**Exercise objective:**
Whatever runs from the line with "n)\<^sup>2 * ((1" to the end of the records below must be copied exactly, with nothing else included.

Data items
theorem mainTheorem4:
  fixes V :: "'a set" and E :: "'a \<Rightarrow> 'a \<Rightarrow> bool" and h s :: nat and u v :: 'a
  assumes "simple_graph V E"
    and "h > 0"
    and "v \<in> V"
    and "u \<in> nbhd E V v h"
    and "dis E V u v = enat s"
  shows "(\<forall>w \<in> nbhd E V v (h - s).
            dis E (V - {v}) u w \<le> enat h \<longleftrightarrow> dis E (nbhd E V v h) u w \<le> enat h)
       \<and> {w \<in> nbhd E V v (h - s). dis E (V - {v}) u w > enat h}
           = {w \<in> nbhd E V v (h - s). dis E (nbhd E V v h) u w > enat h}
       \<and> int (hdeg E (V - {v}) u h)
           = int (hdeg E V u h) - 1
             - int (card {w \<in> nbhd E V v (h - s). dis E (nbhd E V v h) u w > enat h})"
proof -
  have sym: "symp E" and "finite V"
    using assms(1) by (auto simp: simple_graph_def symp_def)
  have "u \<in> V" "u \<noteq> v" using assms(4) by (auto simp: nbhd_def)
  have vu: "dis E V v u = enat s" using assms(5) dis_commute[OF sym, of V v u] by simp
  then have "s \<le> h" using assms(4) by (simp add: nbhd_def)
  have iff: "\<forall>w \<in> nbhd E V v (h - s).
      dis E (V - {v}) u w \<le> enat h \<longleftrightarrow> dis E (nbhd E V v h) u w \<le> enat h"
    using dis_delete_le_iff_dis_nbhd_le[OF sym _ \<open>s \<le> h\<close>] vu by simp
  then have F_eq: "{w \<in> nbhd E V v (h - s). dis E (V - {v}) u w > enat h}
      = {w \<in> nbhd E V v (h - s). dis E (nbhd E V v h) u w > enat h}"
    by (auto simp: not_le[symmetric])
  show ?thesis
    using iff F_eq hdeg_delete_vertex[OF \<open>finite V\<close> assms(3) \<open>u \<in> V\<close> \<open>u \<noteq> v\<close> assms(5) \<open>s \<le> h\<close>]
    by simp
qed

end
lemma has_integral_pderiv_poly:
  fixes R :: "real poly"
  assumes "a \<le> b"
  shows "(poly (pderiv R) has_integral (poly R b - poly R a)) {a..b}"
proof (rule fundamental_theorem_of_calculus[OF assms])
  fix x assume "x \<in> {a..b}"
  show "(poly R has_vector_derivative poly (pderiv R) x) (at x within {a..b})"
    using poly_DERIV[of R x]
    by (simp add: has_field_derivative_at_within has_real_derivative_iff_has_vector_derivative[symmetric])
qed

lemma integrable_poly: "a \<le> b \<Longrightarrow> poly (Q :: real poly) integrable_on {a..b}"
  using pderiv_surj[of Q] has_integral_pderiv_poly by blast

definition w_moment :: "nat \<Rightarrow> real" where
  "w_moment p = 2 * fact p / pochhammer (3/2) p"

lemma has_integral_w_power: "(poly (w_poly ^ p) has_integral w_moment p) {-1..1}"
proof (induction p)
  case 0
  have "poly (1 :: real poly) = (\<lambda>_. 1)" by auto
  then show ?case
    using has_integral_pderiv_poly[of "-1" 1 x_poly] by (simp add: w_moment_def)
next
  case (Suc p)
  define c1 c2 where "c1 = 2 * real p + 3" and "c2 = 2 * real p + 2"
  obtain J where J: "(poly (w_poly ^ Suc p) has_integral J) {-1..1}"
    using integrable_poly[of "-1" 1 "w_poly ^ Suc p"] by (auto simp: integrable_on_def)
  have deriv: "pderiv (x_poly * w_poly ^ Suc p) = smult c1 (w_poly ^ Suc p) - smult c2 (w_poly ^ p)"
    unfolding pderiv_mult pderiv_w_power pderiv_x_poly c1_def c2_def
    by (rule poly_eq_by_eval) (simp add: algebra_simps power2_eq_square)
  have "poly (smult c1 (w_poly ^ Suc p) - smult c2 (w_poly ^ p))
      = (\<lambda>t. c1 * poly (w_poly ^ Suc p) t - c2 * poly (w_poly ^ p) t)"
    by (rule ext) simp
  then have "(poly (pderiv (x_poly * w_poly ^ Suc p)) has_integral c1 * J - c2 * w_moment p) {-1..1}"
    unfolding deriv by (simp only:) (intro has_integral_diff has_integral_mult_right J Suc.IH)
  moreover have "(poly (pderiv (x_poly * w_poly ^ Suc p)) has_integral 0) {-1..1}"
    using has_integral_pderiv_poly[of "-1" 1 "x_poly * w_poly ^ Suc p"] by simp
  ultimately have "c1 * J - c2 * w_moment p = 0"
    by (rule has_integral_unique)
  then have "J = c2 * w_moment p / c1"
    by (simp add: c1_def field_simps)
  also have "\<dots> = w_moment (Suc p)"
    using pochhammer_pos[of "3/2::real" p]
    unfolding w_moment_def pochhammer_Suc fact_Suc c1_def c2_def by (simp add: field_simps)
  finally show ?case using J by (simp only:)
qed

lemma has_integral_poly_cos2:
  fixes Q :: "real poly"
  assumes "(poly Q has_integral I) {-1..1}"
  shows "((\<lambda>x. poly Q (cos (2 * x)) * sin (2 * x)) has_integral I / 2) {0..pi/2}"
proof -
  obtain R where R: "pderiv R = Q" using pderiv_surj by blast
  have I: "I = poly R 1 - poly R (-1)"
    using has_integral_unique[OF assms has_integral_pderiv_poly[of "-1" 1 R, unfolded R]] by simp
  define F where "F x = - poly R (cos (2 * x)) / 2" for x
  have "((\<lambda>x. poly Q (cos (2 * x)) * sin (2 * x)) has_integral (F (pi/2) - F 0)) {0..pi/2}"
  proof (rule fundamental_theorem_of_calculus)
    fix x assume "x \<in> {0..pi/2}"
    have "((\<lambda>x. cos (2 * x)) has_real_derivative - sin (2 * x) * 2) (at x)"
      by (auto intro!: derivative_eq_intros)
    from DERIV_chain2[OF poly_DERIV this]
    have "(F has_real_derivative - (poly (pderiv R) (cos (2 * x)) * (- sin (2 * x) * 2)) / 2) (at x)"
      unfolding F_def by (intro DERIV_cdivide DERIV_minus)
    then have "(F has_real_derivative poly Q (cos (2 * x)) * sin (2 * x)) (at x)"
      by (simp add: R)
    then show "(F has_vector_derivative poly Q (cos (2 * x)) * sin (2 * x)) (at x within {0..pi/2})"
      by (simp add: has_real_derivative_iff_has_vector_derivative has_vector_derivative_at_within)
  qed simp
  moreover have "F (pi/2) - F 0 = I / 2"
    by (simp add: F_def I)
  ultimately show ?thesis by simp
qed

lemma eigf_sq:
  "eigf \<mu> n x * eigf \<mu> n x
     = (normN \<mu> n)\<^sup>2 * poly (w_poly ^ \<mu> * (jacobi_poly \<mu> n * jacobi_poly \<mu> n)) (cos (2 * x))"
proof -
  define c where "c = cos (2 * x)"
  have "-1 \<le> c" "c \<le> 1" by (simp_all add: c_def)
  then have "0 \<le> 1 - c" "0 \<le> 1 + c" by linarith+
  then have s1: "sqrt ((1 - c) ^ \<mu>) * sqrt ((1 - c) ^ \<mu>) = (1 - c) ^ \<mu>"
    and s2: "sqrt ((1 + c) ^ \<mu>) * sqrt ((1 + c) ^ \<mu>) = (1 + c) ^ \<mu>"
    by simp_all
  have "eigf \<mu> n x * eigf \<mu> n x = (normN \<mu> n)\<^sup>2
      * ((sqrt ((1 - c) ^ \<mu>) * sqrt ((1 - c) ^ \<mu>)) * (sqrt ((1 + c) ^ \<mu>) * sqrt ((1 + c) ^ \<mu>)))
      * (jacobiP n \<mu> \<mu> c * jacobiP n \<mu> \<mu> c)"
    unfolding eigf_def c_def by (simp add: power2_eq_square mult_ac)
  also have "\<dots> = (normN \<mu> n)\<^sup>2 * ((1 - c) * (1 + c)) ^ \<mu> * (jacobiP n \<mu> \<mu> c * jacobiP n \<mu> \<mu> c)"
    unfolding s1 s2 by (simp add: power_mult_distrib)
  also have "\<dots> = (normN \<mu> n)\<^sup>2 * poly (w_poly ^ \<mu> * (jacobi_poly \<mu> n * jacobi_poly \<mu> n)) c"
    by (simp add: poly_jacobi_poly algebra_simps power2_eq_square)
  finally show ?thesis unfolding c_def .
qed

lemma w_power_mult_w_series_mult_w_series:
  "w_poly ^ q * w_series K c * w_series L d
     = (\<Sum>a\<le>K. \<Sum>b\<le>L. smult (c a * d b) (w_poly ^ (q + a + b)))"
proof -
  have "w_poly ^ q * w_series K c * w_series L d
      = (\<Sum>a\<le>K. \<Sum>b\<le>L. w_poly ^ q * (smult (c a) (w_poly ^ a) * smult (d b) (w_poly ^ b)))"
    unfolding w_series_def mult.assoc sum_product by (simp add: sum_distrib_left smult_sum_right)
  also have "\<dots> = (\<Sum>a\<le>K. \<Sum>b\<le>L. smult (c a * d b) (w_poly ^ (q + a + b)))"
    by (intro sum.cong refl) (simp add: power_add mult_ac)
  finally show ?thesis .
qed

**Answer space:**
  also have "\<dots> = (normN \<mu> n)\<^sup>2 * ((1 - c) * (1 + c)) ^ \<mu> * (jacobiP n \<mu> \<mu> c * jacobiP n \<mu> \<mu> c)"
    unfolding s1 s2 by (simp add: power_mult_distrib)
  also have "\<dots> = (normN \<mu> n)\<^sup>2 * poly (w_poly ^ \<mu> * (jacobi_poly \<mu> n * jacobi_poly \<mu> n)) c"
    by (simp add: poly_jacobi_poly algebra_simps power2_eq_square)
  finally show ?thesis unfolding c_def .
qed

lemma w_power_mult_w_series_mult_w_series:
  "w_poly ^ q * w_series K c * w_series L d
     = (\<Sum>a\<le>K. \<Sum>b\<le>L. smult (c a * d b) (w_poly ^ (q + a + b)))"
proof -
  have "w_poly ^ q * w_series K c * w_series L d
      = (\<Sum>a\<le>K. \<Sum>b\<le>L. w_poly ^ q * (smult (c a) (w_poly ^ a) * smult (d b) (w_poly ^ b)))"
    unfolding w_series_def mult.assoc sum_product by (simp add: sum_distrib_left smult_sum_right)
  also have "\<dots> = (\<Sum>a\<le>K. \<Sum>b\<le>L. smult (c a * d b) (w_poly ^ (q + a + b)))"
    by (intro sum.cong refl) (simp add: power_add mult_ac)
  finally show ?thesis .
qed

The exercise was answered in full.